Изольда Павловна вышла вместе с Соней на сцену, обняла ее и поцеловала. Величественным жестом утихомирила бушующую публику и дала знак дирижеру. Заиграла музыка, Изольда Павловна запела знаменитую хабанеру… Вдруг отступила в тень и замолкла. Соня продолжила… Публика сошла с ума. Зал рыдал от восторга и умиления. Королева уходит, да здравствует новая королева! Какое благородство, какое мужество… Только мы, русские, способны на это! Старушки на галерке проливали сладкие слезы и сморкались в кружевные платочки, забыв о своих мстительных планах.
Соня вбежала за кулисы и прошептала пересохшими губами:
— Пить…
Егор бросился к ней с термосом, но опоздал. Его опередила билетерша в синей униформе и черных перчатках. Она протянула Соне стакан. Соня взяла, благодарно кивнула.

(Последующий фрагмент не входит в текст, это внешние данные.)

(* Let $X$ be a finite poset. If $X$ is homologically admissible, then $X$ is two-wide.
   Context: A finite poset $(X,\le)$ is regarded as a finite $T_0$ topological space whose open sets are the down-sets; homology means singular homology of this space. Write $y\prec x$ if $y<x$ and there is no $z$ with $y<z<x$; the Hasse diagram $\mathcal H(X)$ has edges $(w,x)$ with $w\prec x$. Let $\widehat U_x=\{w\in X: w<x\}$. A space is acyclic if it is nonempty and all its reduced homology groups vanish. An edge $(w,x)$ of $\mathcal H(X)$ is homologically admissible if $\widehat U_x-\{w\}$ is acyclic; $X$ is homologically admissible if all its edges are. A poset $X$ is two-wide if for any $x,z,y\in X$ with $x\prec z\prec y$ there exists $z'\in X$, $z'\neq z$, with $x\prec z'\prec y$. *)

theory Defs
  imports "HOL-Homology.Homology"
begin

definition finite_poset :: "'a set \<Rightarrow> ('a \<Rightarrow> 'a \<Rightarrow> bool) \<Rightarrow> bool" where
  "finite_poset X leq \<equiv> finite X \<and> (\<forall>x\<in>X. leq x x)
     \<and> (\<forall>x\<in>X. \<forall>y\<in>X. leq x y \<and> leq y x \<longrightarrow> x = y)
     \<and> (\<forall>x\<in>X. \<forall>y\<in>X. \<forall>z\<in>X. leq x y \<and> leq y z \<longrightarrow> leq x z)"

definition pstrict :: "('a \<Rightarrow> 'a \<Rightarrow> bool) \<Rightarrow> 'a \<Rightarrow> 'a \<Rightarrow> bool" where
  "pstrict leq x y \<equiv> leq x y \<and> x \<noteq> y"

definition poset_topology :: "'a set \<Rightarrow> ('a \<Rightarrow> 'a \<Rightarrow> bool) \<Rightarrow> 'a topology" where
  "poset_topology X leq = topology (\<lambda>U. U \<subseteq> X \<and> (\<forall>x\<in>U. \<forall>y\<in>X. leq y x \<longrightarrow> y \<in> U))"

definition covers :: "'a set \<Rightarrow> ('a \<Rightarrow> 'a \<Rightarrow> bool) \<Rightarrow> 'a \<Rightarrow> 'a \<Rightarrow> bool" where
  "covers X leq y x \<equiv> y \<in> X \<and> x \<in> X \<and> pstrict leq y x
     \<and> \<not> (\<exists>z\<in>X. pstrict leq y z \<and> pstrict leq z x)"

definition hatU :: "'a set \<Rightarrow> ('a \<Rightarrow> 'a \<Rightarrow> bool) \<Rightarrow> 'a \<Rightarrow> 'a set" where
  "hatU X leq x = {w \<in> X. pstrict leq w x}"

definition acyclic_space :: "'a topology \<Rightarrow> bool" where
  "acyclic_space T \<equiv> topspace T \<noteq> {} \<and> (\<forall>p::int. trivial_group (reduced_homology_group p T))"

definition homologically_admissible_edge ::
    "'a set \<Rightarrow> ('a \<Rightarrow> 'a \<Rightarrow> bool) \<Rightarrow> 'a \<Rightarrow> 'a \<Rightarrow> bool" where
  "homologically_admissible_edge X leq w x \<equiv>
     acyclic_space (subtopology (poset_topology X leq) (hatU X leq x - {w}))"

definition homologically_admissible :: "'a set \<Rightarrow> ('a \<Rightarrow> 'a \<Rightarrow> bool) \<Rightarrow> bool" where
  "homologically_admissible X leq \<equiv>
     \<forall>w x. covers X leq w x \<longrightarrow> homologically_admissible_edge X leq w x"

definition two_wide :: "'a set \<Rightarrow> ('a \<Rightarrow> 'a \<Rightarrow> bool) \<Rightarrow> bool" where
  "two_wide X leq \<equiv> \<forall>x\<in>X. \<forall>z\<in>X. \<forall>y\<in>X. covers X leq x z \<and> covers X leq z y \<longrightarrow>
     (\<exists>z'\<in>X. z' \<noteq> z \<and> covers X leq x z' \<and> covers X leq z' y)"

lemma istopology_poset:
  "istopology (\<lambda>U. U \<subseteq> X \<and> (\<forall>x\<in>U. \<forall>y\<in>X. leq y x \<longrightarrow> y \<in> U))"
  unfolding istopology_def by blast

«Почему в перчатках? Билетерша?» — подумал Егор. И закричал:
— Не пей!
Но было поздно. Соня успела сделать глоток. Повернула к Егору удивленное, побелевшее лицо с потемневшими вдруг, расширившимися глазами… Изо рта у нее потекла струйка крови, и она упала, потеряв сознание.
Лжебилетерша быстро склонилась над ее телом и, осторожно взяв стакан из судорожно сжатых пальцев, спрятала его в сумочку. Воровато оглянулась — и Егор узнал ее! Это была Светлана. Подруга Сони… Егор и забыл о ней. Столько всего произошло! Но она все помнила и не простила. И дождалась своего часа. Отомстила за насмешку судьбы, за утраченные иллюзии, за пармские фиалки, предназначенные другой…
Егор оттолкнул эту сумасшедшую и бросился к Соне. Подхватил на руки, прижал ухо к груди: она дышала, сердце билось, неровно, чуть слышно, но Соня была жива, и Егор кинулся к выходу.
Он немедленно доставил Соню в свою клинику, и ей оказали первую помощь: промывание желудка, детоксикация и прочее. А потом Егор созвал консилиум.
Известный токсиколог определил, что ни о каком отравлении речи не идет. У Сони был довольно сильный ожог губ, полости рта и частично пищевода. Трахея и голосовые связки не затронуты… Прогноз благоприятный. Покой и симптоматическое лечение. Кислород можно отключить, пациентка способна дышать самостоятельно.
Егор прошел в палату и посмотрел на спящую после укола Соню. Театральный грим, прическа и наряд странно смотрелись в больничной обстановке. Но по сюжету все было верно. Убитая Кармен… Погубленная красота…
Выздоровление шло долго и мучительно. Егор делал все мыслимое и немыслимое. Персонал занимался только Соней. Консилиумы следовали один за другим, мировые светила стаями слетались в Москву, в клинику Егора.
Большинство знаменитостей были удивлены, что их приглашают по такому пустяковому поводу. Жизнь девушки вне опасности, ожоги быстро заживают. Правда, никто не мог ответить на вопрос: почему она молчит. Объективно пациентка выздоравливала, голосовой аппарат вообще не был травмирован, так что ничто не мешало ей если не петь, то во всяком случае говорить. Но Соня молчала.
Все попытки Егора общаться с Соней заканчивались одинаково: сначала она объяснялась жестами, затем писала записки и рвала их, а после начинала плакать.
Соня никого не хотела видеть. Сочувствующие лица и жалостливые голоса раздражали ее. Через десять минут после прихода очередного посетителя Соня начинала нервничать, метаться… Она хотела быть одна.
И только квадратный не смущал и не раздражал ее. Он приходил к ней после обеда с транзистором, настроенным на волну Радио «Орфей», и они часами слушали классическую музыку. Иногда квадратный спрашивал:
— Это что?
Соня писала на бумажке название произведения и имя автора.
Квадратный читал, шевеля губами и морща лоб, и старательно прятал бумажку в карман больничной пижамы.
В тот день, когда Соня захотела вернуться домой, квадратный тоже решил покинуть клинику.
Оба были вполне здоровы — по крайней мере, внешне. У Егора не было никаких оснований их задерживать.